(From left): M&A Securities head of corporate finance Gary Ting, SDS executive director Tan Kee Jin, SDS executive director Tan Yon Haw, SDS director Datuk Albert Ding, SDS director Phang Sze Fui, SDS director Azahar Baharudin, SDS chairman Lim Pang Kiam, SDS executive director Tan Kim Chai, SDS managing director Tan Kim Seng and M&A Securities managing director of corporate finance Datuk Bill Tan. (Source: SDS Group)
KUALA LUMPUR (Aug 23): Family-run SDS Group Bhd is aiming to list on Bursa Malaysia's ACE Market on Oct 7.
At the group's prospectus launch, the Johor-based bakery products manufacturer and distributor said it would be raising RM23.99 million from its initial public offering (IPO) of 23 sen a share.
Some RM6 million or 25% of the IPO proceeds will be used to expand its business presence for both its wholesale and retail channels within the northern and central regions of Peninsular Malaysia, RM7.79 million or 32.5% will be used for working capital requirements, RM7 million or 29.2% to repay bank borrowings and RM3.2 million or 13.3% to defray listing expenses associated with the IPO.
SDS managing director Tan Kim Seng said the group is looking to increase its fleet of lorries for the northern region of Peninsular Malaysia and its Seremban manufacturing plant to support the distribution of its wholesale bakery products.
In addition, the group is also aiming to set up eight new food and beverage (F&B) outlets in the Klang Valley. It currently has 33 F&B outlets — inclusive of five outlets under a licensing agreement — in Johor.
"Our business strategy is to increase our fleet of lorries to expand to the central and northern regions of Peninsular Malaysia. [This] as well as the increase in the number of F&B outlets are expected to provide business growth in terms of revenue increase and earnings," said Kim Seng.
Under the IPO, 104.29 million shares will be issued at 23 sen a share. 20.29 million shares will be made available to the public, 23.13 million shares will be distributed among eligible directors, employees and persons who have contributed to the group's success and 60.87 share are earmarked private placement to third party investors.
Upon listing, the group will have an enlarged share capital of 405.82 million shares, with a tentative market capitalisation of RM93.34 million.

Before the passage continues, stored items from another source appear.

lemma raise_vanishes:
  assumes x: "factor_mset n x \<noteq> factor_mset n (w, m)" "nonconst_evens n (w, m) \<le> nonconst_evens n x"
  shows "e_act n False False (m p) g x = 0"
proof (rule ccontr)
  obtain wx mx where x_eq: "x = (wx, mx)"
    by (cases x)
  assume "e_act n False False (m p) g x \<noteq> 0"
  then obtain s where s: "s < n" "length wx = n" "\<not> wx ! s" "m p \<le> mx s"
    and nz: "g (wx[s := False], mx(s := mx s - m p)) \<noteq> 0"
    unfolding x_eq by (auto elim: e_act_nonzeroE)
  have unchanged: "wx[s := False] = wx"
    using s(3) by (metis list_update_id)
  define src where "src = (wx, mx(s := mx s - m p))"
  have level: "nonconst_evens n src + (if mx s \<noteq> 0 then 1 else 0)
      = nonconst_evens n x + (if mx s - m p \<noteq> 0 then 1 else 0)"
    using nonconst_evens_update[OF s(1,2), of False mx "mx s - m p"] unchanged s(3)
    by (simp add: src_def x_eq)
  \<comment> \<open>the level of \<open>src\<close> is at least that of \<open>(w, m(p := 0))\<close>, so \<open>g\<close> can only be
    nonzero on its class\<close>
  have "nonconst_evens n (w, m(p := 0)) \<le> nonconst_evens n src"
    using level x(2) nonconst_evens_drop_last s(4) p(3) by (auto split: if_splits)
  moreover have "g src \<noteq> 0"
    using nz unchanged by (simp add: src_def)
  ultimately have "factor_mset n src = factor_mset n (w, m(p := 0))"
    using g unfolding leading_vector_def by blast
  then have "nonconst_evens n src = nonconst_evens n (w, m(p := 0))"
    by (simp add: nonconst_evens_def)
  then have exp: "mx s = m p"
    using level x(2) nonconst_evens_drop_last s(4) p(3) by (auto split: if_splits)
  have "factor_mset n x = add_mset (False, m p) (factor_mset n src - {#(False, 0)#})"
    using factor_mset_update[OF s(1,2), of False mx 0] unchanged s(3) exp
      in_factor_mset[OF s(1), of wx mx]
    by (simp add: src_def x_eq)
  moreover have "factor_mset n (w, m)
      = add_mset (False, m p) (factor_mset n (w, m(p := 0)) - {#(False, 0)#})"
    using factor_mset_update[OF p(2) canonical_shapeD(1)[OF shape], of False m 0]
      canonical_shapeD(3)[OF shape p(2)] p(1) in_factor_mset[OF p(2), of w m]
      update_last_even_letter
    by simp
  ultimately show False
    using x(1) \<open>factor_mset n src = factor_mset n (w, m(p := 0))\<close> by simp
qed

lemma leading_vector_raise: "leading_vector n (e_act n False False (m p) g) (w, m)"
  using raise_at_canonical raise_vanishes g gen_submod.act by (auto simp: leading_vector_def)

At a press conference after the prospectus launch, M&A Securities Sdn Bhd head of corporate finance Gary Ting said the timing of the group's listing is part of its growth plans.
"The plan to list is really moving along its plan to grow," said Ting.
M&A Securities is the adviser, sponsor, underwriter and placement agent for the IPO exercise.
Kim Seng's son and SDS executive director Tan Kee Jin said of the IPO proceeds earmarked for the group's expansion, RM2 million is for the expansion of its fleet of lorries for its wholesale operations in Penang and Kedah.
According to its prospectus, the third generation family-run company wants to increase the number of one-tonne lorries it maintains to 34 units, from 18 units, while at the same time increase the number of 16-tonne lorries it has for its Seremban plant to eight units, from the current six.
Kee Jin said that in total, the group's fleet comprises some 250 lorries.
Meanwhile RM4 million is earmarked for its retail expansion into the Klang Valley, with the group opening three F&B outlets within the first year from listing and the remaining five in the second year from listing.
"We are in discussions with various parties over where to open the F&B outlets in the Klang Valley. We are still seeing what kinds of outlets they will be as currently, we have bakeries, bakery-cafes and cafes," said Kee Jin.
He added that currently the group has no plans to penetrate foreign markets and it would be focusing on its expansion in the domestic market beyond Johor.
Kee Jin said the group's newly acquired factory in Seremban still has room for production line expansion, but added that the IPO proceeds would not be used to fund a possible expansion of the plant.
SDS acquired the factory in 2016 and finished commissioning the facility in November 2017.
When asked if the group would cross the causeway and set up an F&B outlet in Singapore, Kee Jin said that for the moment the group does not have plans to do so and that it has been exporting its products to Singaporean hypermarkets and supermarkets since 1999.
Furthermore, the group is looking to set up two new depots in Bukit Mertajam, Penang, and Sungai Petani, Kedah, while also targeting to collaborate with food delivery service providers to provide door-step delivery for its products.